In the example of the Monte Carlo tree search, the synthesis route computation module 108 comprises a Monte Carlo tree search retrosynthesis algorithm. In this approach, the root node of the tree search represents the final compound (i.e. the candidate molecule for which a synthesis route is to be found), and successive leaf nodes represent precursor compounds that can be reacted to produce the final compound. Monte Carlo tree search methods are advantageous for large action spaces (i.e. action spaces having high branching factors) as a result of their asymmetric growth. Such methods are also beneficially aheuristic and anytime. Selection and expansion of the leaf nodes involves the use of machine learning systems such as artificial neural networks that have been trained to recognise valid chemical reactions. Values are assigned to each node in the tree to represent the predicted value of further simulating the reaction pathway to which that node belongs, and decisions of which nodes to select may be implemented using various policies such as upper confidence-bounds for trees (UCT).

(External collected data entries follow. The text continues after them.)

(* Let $(X,\mathcal{A},p)$ be a standard Borel probability space, let $e$ be a measure-preserving, $p$-a.s. idempotent Markov kernel on $(X,\mathcal{A},p)$, and let $\mathcal{B}\subseteq\mathcal{A}$ be a sub-$\sigma$-algebra. Then $\mathcal{B}\subseteq\mathcal{I}_e$ if and only if $e_\mathcal{B}\le e$. In other words, the order-preserving assignment $\mathcal{B}\mapsto e_\mathcal{B}$ (from sub-$\sigma$-algebras ordered by inclusion to idempotents) is left adjoint to the order-preserving assignment $e\mapsto\mathcal{I}_e$.
   Context: Kernels are identified up to $p$-a.s. equality (for each $B$, equal $p$-a.e.), with composition $(\ell\circ k)(C\mid x)=\int\ell(C\mid y)k(dy\mid x)$. $e$ is $p$-a.s. idempotent if $e\circ e=e$ a.s. $\mathcal{I}_e=\{B\in\mathcal{A}: e(B\mid x)=1_B(x)$ for $p$-a.a. $x\}$. $e_\mathcal{B}$ is the (a.s.-class of the) kernel $e_\mathcal{B}(A\mid x)=\mathbb{P}[A\mid\mathcal{B}](x)=\mathbb{E}[1_A\mid\mathcal{B}](x)$, a regular conditional probability. The order on idempotents: $e_1\le e_2$ iff $e_1\circ e_2=e_2\circ e_1=e_1$ almost surely. *)

theory Defs
  imports "HOL-Probability.Probability"
begin

(* Markov kernels on the measurable space of M are maps into the Giry
   probability algebra: k \<in> M \<rightarrow>\<^sub>M prob_algebra M, with k(B|x) = measure (k x) B. *)

definition markov_kernel :: "'a measure \<Rightarrow> ('a \<Rightarrow> 'a measure) \<Rightarrow> bool" where
  "markov_kernel M k \<longleftrightarrow> k \<in> M \<rightarrow>\<^sub>M prob_algebra M"

definition kernel_preserves :: "'a measure \<Rightarrow> ('a \<Rightarrow> 'a measure) \<Rightarrow> bool" where
  "kernel_preserves M k \<longleftrightarrow> (\<forall>B\<in>sets M. (\<integral>x. measure (k x) B \<partial>M) = measure M B)"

FIG. 5 shows a schematic diagram of an example Monte Carlo tree search 500 which may be used by the synthesis route computation module 108. As shown, a promising node 502 for analysis is selected for expansion. The molecule represented by the node 502 is then processed by the machine learning system to generate precursor nodes 504 and 506 which represent valid chemical precursors. The most promising of these precursor nodes 506 is then selected for a rollout which generates a coarse prediction of the value of further expansion of that node 506. For example, the rollout may comprise a random sequence of valid reactions terminating in a node 508 which represents a precursor which is either known or for which no precursors are available. In this case, the random sequence of valid reactions is used to generate a prediction of the value of further expansion of the node 506, and this value is backpropagated from the node 506 back to the root node 510, updating relevant scores of each node along the route. A number of promising nodes may be simulated in this way, and their predicted values backpropagated to the root node 510 to update the tree. In this way, once a number of simulations have been performed on promising precursor nodes, the computation may terminate and return the most promising route to synthesis for the candidate molecule from the available precursors.

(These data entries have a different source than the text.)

(* Let $m,n\ge1$ and let $\mathcal{C}$ be a $\beta$-avoiding simplicial complex that has an induced subcomplex isomorphic to $D_{m,n}$. Then the subcomplex of $\mathcal{C}$ induced on its non-ghost vertices is isomorphic to $\operatorname{cone}^p(D_{m,n})$ for some $p\ge0$.
   Context: A simplicial complex on a finite ground set $V$ is a family of subsets of $V$ closed under subsets; a vertex $v$ is a ghost vertex if $\{v\}\notin\mathcal{C}$, otherwise non-ghost. Induced subcomplex on $W\subseteq V$: $\{F\in\mathcal{C}:F\subseteq W\}$ on $W$. Alexander dual of $\mathcal{D}$ on $V$: $\mathcal{D}^*=\{S\subseteq V: V\setminus S\notin\mathcal{D}\}$. $\Delta_k$ is the complex on a $(k+1)$-set with that set as sole facet, $\sqcup$ is disjoint union, and $D_{m,n}=(\Delta_m\sqcup\Delta_n)^*$; equivalently, on ground set $M\sqcup N$ with $|M|=m+1$, $|N|=n+1$, its facets are the sets omitting exactly one element of $M$ and one of $N$. $\operatorname{cone}^p(\mathcal{D})$ adds $p$ new vertices $u_1,\dots,u_p$ with facets $F\cup\{u_1,\dots,u_p\}$ ($\operatorname{cone}^0(\mathcal{D})=\mathcal{D}$). For $S\subseteq V$, $\mathcal{C}\setminus S$ is the induced subcomplex on $V\setminus S$; for a face $R$, $\operatorname{link}_R(\mathcal{C})=\{F\setminus R: R\subseteq F\in\mathcal{C}\}$ on $V\setminus R$. A minor is $\operatorname{link}_R(\mathcal{C}\setminus S)$ with $S\cap R=\emptyset$, $R$ a face. $\mathcal{C}$ is $\beta$-avoiding if no minor is isomorphic to any of: $P_4$ (on $\{1,2,3,4\}$, facets $12,23,34$); $O_6$ (on $\{1,\dots,6\}$, faces the subsets containing none of $\{1,2\},\{3,4\},\{5,6\}$) or $O_6^*$; $J_1$ (on $\{1,\dots,5\}$, facets $12,15,234,345$) or $J_1^*$ (facets $134,235,245$); $J_2$ (on $\{1,\dots,5\}$, facets $12,235,34,145$); $\partial\Delta_k\sqcup\{v\}$ for $k\ge1$ (all proper subsets of a $(k+1)$-set together with one extra isolated vertex). *)

theory Defs
  imports Main
begin

text \<open>A simplicial complex is represented as a pair (V, C): a finite ground set V
  and a family C of subsets of V closed under taking subsets.  Ghost vertices
  are elements v of V with {v} not in C.\<close>

type_synonym 'a complex = "'a set \<times> 'a set set"

definition simplicial_complex :: "'a complex \<Rightarrow> bool" where
  "simplicial_complex K \<longleftrightarrow> finite (fst K) \<and> (\<forall>F\<in>snd K. F \<subseteq> fst K)
     \<and> (\<forall>F\<in>snd K. \<forall>G. G \<subseteq> F \<longrightarrow> G \<in> snd K)"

The synthesis route computation module 108 may be configured to perform multiple searches with a view to returning multiple routes to synthesis for each candidate molecule 106, and may be configured to provide as outputs candidate molecules together with their respective route or routes to synthesis. If there are multiple candidate molecules 106 each having at least one route to synthesis, the system 100 may be configured to rank the candidate molecules 106 based on at least one of the one or more desired properties 102 or based on a metric derived from at least one of the one or more desired properties 102. For example, candidate molecules 106 may be ranked by toxicity, complexity to synthesise, and closeness to at least one of the one or more desired properties 102.

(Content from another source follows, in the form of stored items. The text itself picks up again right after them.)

text \<open>Along the segment \<open>x s = ut + s (uh - ut)\<close>, \<open>y s = zt + s (zh - zt)\<close> the Lagrangian
  \<open>L s = J (x s) - A (x s) (y s)\<close> obeys the trapezoidal rule with cubic remainder,
  \<open>L 1 - L 0 = (L' 0 + L' 1) / 2 + 1/2 \<integral>\<^sub>0\<^sup>1 L'''(s) s (s - 1) ds\<close>, whose remainder is exactly
  \<open>R3 J3 A2 A3 ut zt (uh - ut) (zh - zt)\<close>. Galerkin orthogonality of \<open>uh\<close> and \<open>zh\<close> gives
  \<open>L 1 = J uh\<close> and \<open>L' 1 = 0\<close>, while \<open>L 0\<close> and \<open>L' 0\<close> are residuals at \<open>(ut, zt)\<close>; hence
  \<open>J uh - J ut = eta2\<close> exactly. So \<open>J u - J ut - eta2 = J u - J uh\<close> and
  \<open>\<bar>J u - J ut - eta_h2\<bar> \<le> gamma\<close>, and a defect below \<open>b \<bar>J u - J ut\<bar>\<close> puts the effectivity
  index within \<open>b\<close> of 1.\<close>

lemma has_vector_derivative_along_line:
  assumes "\<And>w. (F has_derivative blinfun_apply (F' w)) (at w)"
  shows "((\<lambda>s. F (a + s *\<^sub>R e)) has_vector_derivative F' (a + s *\<^sub>R e) e) (at s)"
proof -
  have "((\<lambda>s. a + s *\<^sub>R e) has_derivative (\<lambda>h. h *\<^sub>R e)) (at s)"
    by (auto intro!: derivative_eq_intros)
  from has_derivative_compose[OF this assms] show ?thesis
    by (simp add: has_vector_derivative_def blinfun.scaleR_right)
qed

lemma has_vector_derivative_blinfun_apply:
  fixes P :: "real \<Rightarrow> 'a::real_normed_vector \<Rightarrow>\<^sub>L 'b::real_normed_vector"
  assumes "(P has_vector_derivative P') (at s)" "(q has_vector_derivative q') (at s)"
  shows "((\<lambda>s. P s (q s)) has_vector_derivative P s q' + P' (q s)) (at s)"
  using bounded_bilinear.has_vector_derivative[OF bounded_bilinear_blinfun_apply assms] by simp

lemma trapezoid_rule_remainder:
  fixes g g' g'' g''' :: "real \<Rightarrow> real"
  assumes "\<And>s. (g has_real_derivative g' s) (at s)"
    and "\<And>s. (g' has_real_derivative g'' s) (at s)"
    and "\<And>s. (g'' has_real_derivative g''' s) (at s)"
  shows "g 1 - g 0 = (g' 0 + g' 1) / 2 + 1/2 * integral {0..1} (\<lambda>s. g''' s * (s * (s - 1)))"
proof -
  \<comment> \<open>the antiderivative of \<open>g'''(s) s (s - 1) / 2\<close>, found by integrating by parts twice\<close>
  define F where "F s = g'' s * (s * (s - 1) / 2) - g' s * (s - 1/2) + g s" for s
  have "(F has_real_derivative g''' s * (s * (s - 1)) / 2) (at s)" for s
    unfolding F_def by (auto intro!: derivative_eq_intros assms simp: field_simps)
  then have "((\<lambda>s. g''' s * (s * (s - 1)) / 2) has_integral F 1 - F 0) {0..1}"
    by (intro fundamental_theorem_of_calculus)
       (auto simp: has_real_derivative_iff_has_vector_derivative intro: has_vector_derivative_at_within)
  then have "integral {0..1} (\<lambda>s. g''' s * (s * (s - 1)) / 2) = F 1 - F 0"
    by (rule integral_unique)
  then show ?thesis
    unfolding F_def by (simp add: field_simps)
qed

context
  fixes A :: "'u::real_normed_vector \<Rightarrow> ('v::real_normed_vector \<Rightarrow>\<^sub>L real)"
    and A1 :: "'u \<Rightarrow> ('u \<Rightarrow>\<^sub>L ('v \<Rightarrow>\<^sub>L real))"
    and A2 :: "'u \<Rightarrow> ('u \<Rightarrow>\<^sub>L 'u \<Rightarrow>\<^sub>L ('v \<Rightarrow>\<^sub>L real))"
    and A3 :: "'u \<Rightarrow> ('u \<Rightarrow>\<^sub>L 'u \<Rightarrow>\<^sub>L 'u \<Rightarrow>\<^sub>L ('v \<Rightarrow>\<^sub>L real))"
    and J :: "'u \<Rightarrow> real"
    and J1 :: "'u \<Rightarrow> ('u \<Rightarrow>\<^sub>L real)"
    and J2 :: "'u \<Rightarrow> ('u \<Rightarrow>\<^sub>L 'u \<Rightarrow>\<^sub>L real)"
    and J3 :: "'u \<Rightarrow> ('u \<Rightarrow>\<^sub>L 'u \<Rightarrow>\<^sub>L 'u \<Rightarrow>\<^sub>L real)"
  assumes dA: "\<And>w. (A has_derivative blinfun_apply (A1 w)) (at w)"
    and dA1: "\<And>w. (A1 has_derivative blinfun_apply (A2 w)) (at w)"
    and dA2: "\<And>w. (A2 has_derivative blinfun_apply (A3 w)) (at w)"
    and dJ: "\<And>w. (J has_derivative blinfun_apply (J1 w)) (at w)"
    and dJ1: "\<And>w. (J1 has_derivative blinfun_apply (J2 w)) (at w)"
    and dJ2: "\<And>w. (J2 has_derivative blinfun_apply (J3 w)) (at w)"
begin

lemma lagrangian_trapezoid:
  "(J (ut + e) - A (ut + e) (zt + es)) - (J ut - A ut zt) =
    (J1 ut e - A1 ut e zt - A ut es + J1 (ut + e) e - A1 (ut + e) e (zt + es) - A (ut + e) es) / 2
    + R3 J3 A2 A3 ut zt e es"
proof -
  define x where "x s = ut + s *\<^sub>R e" for s :: real
  define y where "y s = zt + s *\<^sub>R es" for s :: real
  define L where "L s = J (x s) - A (x s) (y s)" for s
  define L' where "L' s = J1 (x s) e - A1 (x s) e (y s) - A (x s) es" for s
  define L'' where
    "L'' s = J2 (x s) e e - A2 (x s) e e (y s) - 2 * A1 (x s) e es" for s
  define L''' where
    "L''' s = J3 (x s) e e e - A3 (x s) e e e (y s) - 3 * A2 (x s) e e es" for s
  have y: "(y has_vector_derivative es) (at s)" for s
    unfolding y_def by (auto intro!: derivative_eq_intros)
  note along_x = has_vector_derivative_along_line[where a = ut and e = e, folded x_def]
  note rules = derivative_intros has_vector_derivative_mult has_vector_derivative_blinfun_apply
    y along_x[OF dA] along_x[OF dA1] along_x[OF dA2]
    along_x[OF dJ] along_x[OF dJ1] along_x[OF dJ2]
  have "(L has_vector_derivative L' s) (at s)" for s
    unfolding L_def L'_def
    by (rule has_vector_derivative_eq_rhs, (rule rules)+) (simp add: algebra_simps)
  moreover have "(L' has_vector_derivative L'' s) (at s)" for s
    unfolding L'_def L''_def
    by (rule has_vector_derivative_eq_rhs, (rule rules)+) (simp add: algebra_simps)
  moreover have "(L'' has_vector_derivative L''' s) (at s)" for s
    unfolding L''_def L'''_def
    by (rule has_vector_derivative_eq_rhs, (rule rules)+) (simp add: algebra_simps)
  ultimately have "L 1 - L 0 = (L' 0 + L' 1) / 2 + 1/2 * integral {0..1} (\<lambda>s. L''' s * (s * (s - 1)))"
    by (intro trapezoid_rule_remainder) (simp_all add: has_real_derivative_iff_has_vector_derivative)
  then show ?thesis
    unfolding L_def L'_def L'''_def x_def y_def R3_def by simp
qed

In any case, the system 100 is configured to output representations of candidate molecules 106 and their routes to synthesis. If there is a candidate molecule 106 for which no route to synthesis can be found, this candidate molecule may be excluded from the set of output results.

Optionally, an end-user may review the outputs and provide feedback to the system 100 as to the suitability of the molecules and/or the routes to synthesis based on his or her expert knowledge and experience. In this case, the system 100 is configured as described above, but in addition an expert end-user may examine a representation of an output molecule and/or synthesis route (at block 602) and provide an associated user input, as shown in FIG. 6. The user input may provide information relating to whether the end-user considers the molecule to be a reasonable candidate with respect to the one or more desired properties and/or whether the end-user considers the route to synthesis to be physically possible or practicable.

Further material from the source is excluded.